Data entries:

theorem theorem2:
  fixes M :: "'a measure" and X :: "'a \<Rightarrow> real^'p" and Xs :: "nat \<Rightarrow> 'a \<Rightarrow> real^'p"
    and n :: nat and lam :: "'p \<Rightarrow> real"
  assumes "prob_space M"
    and "X \<in> borel_measurable M"
    and "\<forall>i. integrable M (\<lambda>w. (X w $ i) ^ 4)"
    and "invertible (cov_mat M X)"
    and "\<forall>k\<in>{1..n}. Xs k \<in> borel_measurable M \<and> distr M borel (Xs k) = distr M borel X"
    and "prob_space.indep_vars M (\<lambda>_. borel) Xs {1..n}"
    and "\<forall>w\<in>space M. invertible (sample_cov n Xs w)"
    and "\<forall>j k. integrable M (\<lambda>w. (norm_inv_cov (sample_cov n Xs w) $ j $ k) ^ 2)"
    and "\<forall>j k. integral\<^sup>L M (\<lambda>w. norm_inv_cov (sample_cov n Xs w) $ j $ k)
               = norm_inv_cov (cov_mat M X) $ j $ k"
    and "charpoly (norm_inv_cov (cov_mat M X)) = (\<Prod>i\<in>UNIV. [: - lam i, 1 :])"
  shows "(\<forall>\<rho>::real.
            integral\<^sup>L M (\<lambda>w. fro2 ((1 - trace (cov_mat M (\<lambda>w. vecm (norm_inv_cov (sample_cov n Xs w))))
                 / (trace (cov_mat M (\<lambda>w. vecm (norm_inv_cov (sample_cov n Xs w))))
                    + trace (norm_inv_cov (cov_mat M X) ** norm_inv_cov (cov_mat M X)) - real CARD('p)))
                 *\<^sub>R norm_inv_cov (sample_cov n Xs w)
               + (trace (cov_mat M (\<lambda>w. vecm (norm_inv_cov (sample_cov n Xs w))))
                 / (trace (cov_mat M (\<lambda>w. vecm (norm_inv_cov (sample_cov n Xs w))))
                    + trace (norm_inv_cov (cov_mat M X) ** norm_inv_cov (cov_mat M X)) - real CARD('p)))
                 *\<^sub>R mat 1
               - norm_inv_cov (cov_mat M X)))
            \<le> integral\<^sup>L M (\<lambda>w. fro2 ((1 - \<rho>) *\<^sub>R norm_inv_cov (sample_cov n Xs w) + \<rho> *\<^sub>R mat 1
                                     - norm_inv_cov (cov_mat M X))))
         \<and> (trace (cov_mat M (\<lambda>w. vecm (norm_inv_cov (sample_cov n Xs w))))
              + trace (norm_inv_cov (cov_mat M X) ** norm_inv_cov (cov_mat M X)) - real CARD('p) \<noteq> 0
            \<longrightarrow> (\<forall>\<rho>::real.
                 integral\<^sup>L M (\<lambda>w. fro2 ((1 - \<rho>) *\<^sub>R norm_inv_cov (sample_cov n Xs w) + \<rho> *\<^sub>R mat 1
                                     - norm_inv_cov (cov_mat M X)))
                 = integral\<^sup>L M (\<lambda>w. fro2 ((1 - trace (cov_mat M (\<lambda>w. vecm (norm_inv_cov (sample_cov n Xs w))))
                 / (trace (cov_mat M (\<lambda>w. vecm (norm_inv_cov (sample_cov n Xs w))))
                    + trace (norm_inv_cov (cov_mat M X) ** norm_inv_cov (cov_mat M X)) - real CARD('p)))
                 *\<^sub>R norm_inv_cov (sample_cov n Xs w)
               + (trace (cov_mat M (\<lambda>w. vecm (norm_inv_cov (sample_cov n Xs w))))
                 / (trace (cov_mat M (\<lambda>w. vecm (norm_inv_cov (sample_cov n Xs w))))
                    + trace (norm_inv_cov (cov_mat M X) ** norm_inv_cov (cov_mat M X)) - real CARD('p)))
                 *\<^sub>R mat 1
               - norm_inv_cov (cov_mat M X)))
                 \<longrightarrow> \<rho> = trace (cov_mat M (\<lambda>w. vecm (norm_inv_cov (sample_cov n Xs w))))
                 / (trace (cov_mat M (\<lambda>w. vecm (norm_inv_cov (sample_cov n Xs w))))
                    + trace (norm_inv_cov (cov_mat M X) ** norm_inv_cov (cov_mat M X)) - real CARD('p))))
         \<and> trace (cov_mat M (\<lambda>w. vecm (norm_inv_cov (sample_cov n Xs w))))
             / (trace (cov_mat M (\<lambda>w. vecm (norm_inv_cov (sample_cov n Xs w))))
                + trace (norm_inv_cov (cov_mat M X) ** norm_inv_cov (cov_mat M X)) - real CARD('p))
           = trace (cov_mat M (\<lambda>w. vecm (norm_inv_cov (sample_cov n Xs w))))
             / (trace (cov_mat M (\<lambda>w. vecm (norm_inv_cov (sample_cov n Xs w))))
                + (\<Sum>i\<in>UNIV. (lam i)^2) - real CARD('p))"
proof -
  interpret prob_space M by fact
  define F where "F w = norm_inv_cov (sample_cov n Xs w)" for w
  define Om where "Om = norm_inv_cov (cov_mat M X)"
  define V where "V = trace (cov_mat M (\<lambda>w. vecm (F w)))"
  define T where "T = trace (Om ** Om) - real CARD('p)"
  have X_sq: "integrable M (\<lambda>w. (X w $ i)^2)" for i
    using measurable_compose[OF assms(2) borel_measurable_nth] assms(3)
    by (intro square_integrable_of_power4_integrable) auto
  have Om_sym: "transpose Om = Om"
    unfolding Om_def using cov_mat_symmetric assms(4) by (rule symmetric_norm_inv_cov)
  have Om_diag: "Om $ i $ i = 1" for i
    unfolding Om_def using cov_mat_symmetric cov_mat_psd[OF assms(2) X_sq] assms(4)
    by (rule norm_inv_cov_diagonal)
  have F_meas: "(\<lambda>w. F w $ i $ j) \<in> borel_measurable M" for i j
    unfolding F_def using assms(5,7)
    by (intro borel_measurable_norm_inv_cov_entry borel_measurable_sample_cov_entry) auto
  have F_sq: "integrable M (\<lambda>w. (F w $ i $ j)^2)" for i j
    using assms(8) by (simp add: F_def)
  have F_mean: "expectation (\<lambda>w. F w $ i $ j) = Om $ i $ j" for i j
    using assms(9) by (simp add: F_def Om_def)
  have risk: "expectation (\<lambda>w. fro2 ((1 - \<rho>) *\<^sub>R F w + \<rho> *\<^sub>R mat 1 - Om))
      = ((1 - \<rho>)^2 * V + \<rho>^2 * T) / real CARD('p)" for \<rho>
    using expectation_fro2_shrinkage[OF F_meas F_sq F_mean, of \<rho> "mat 1"]
    unfolding fro2_mat_1_diff[OF Om_sym Om_diag] V_def[symmetric] T_def[symmetric]
    by (simp add: add_divide_distrib)
  have V_nonneg: "0 \<le> V"
    by (simp add: V_def trace_cov_mat_vecm sum_nonneg)
  have T_nonneg: "0 \<le> T"
    using card_le_trace_mult_self[OF Om_sym Om_diag] by (simp add: T_def)
  have trace_Om: "V + trace (Om ** Om) - real CARD('p) = V + T"
    by (simp add: T_def)
  have eigenvalues_Om: "V + (\<Sum>i\<in>UNIV. (lam i)^2) - real CARD('p) = V + T"
    using trace_mult_self_eq_sum_eigenvalues_squared[OF assms(10)] by (simp add: T_def Om_def)
  show ?thesis
    unfolding F_def[symmetric] Om_def[symmetric] V_def[symmetric] trace_Om eigenvalues_Om risk
    using shrinkage_weight_argmin[OF V_nonneg T_nonneg] by (auto intro: divide_right_mono)
qed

Work instruction: Return every line above where "invertible" appears.

Exercise result:
    and "invertible (cov_mat M X)"
    and "\<forall>w\<in>space M. invertible (sample_cov n Xs w)"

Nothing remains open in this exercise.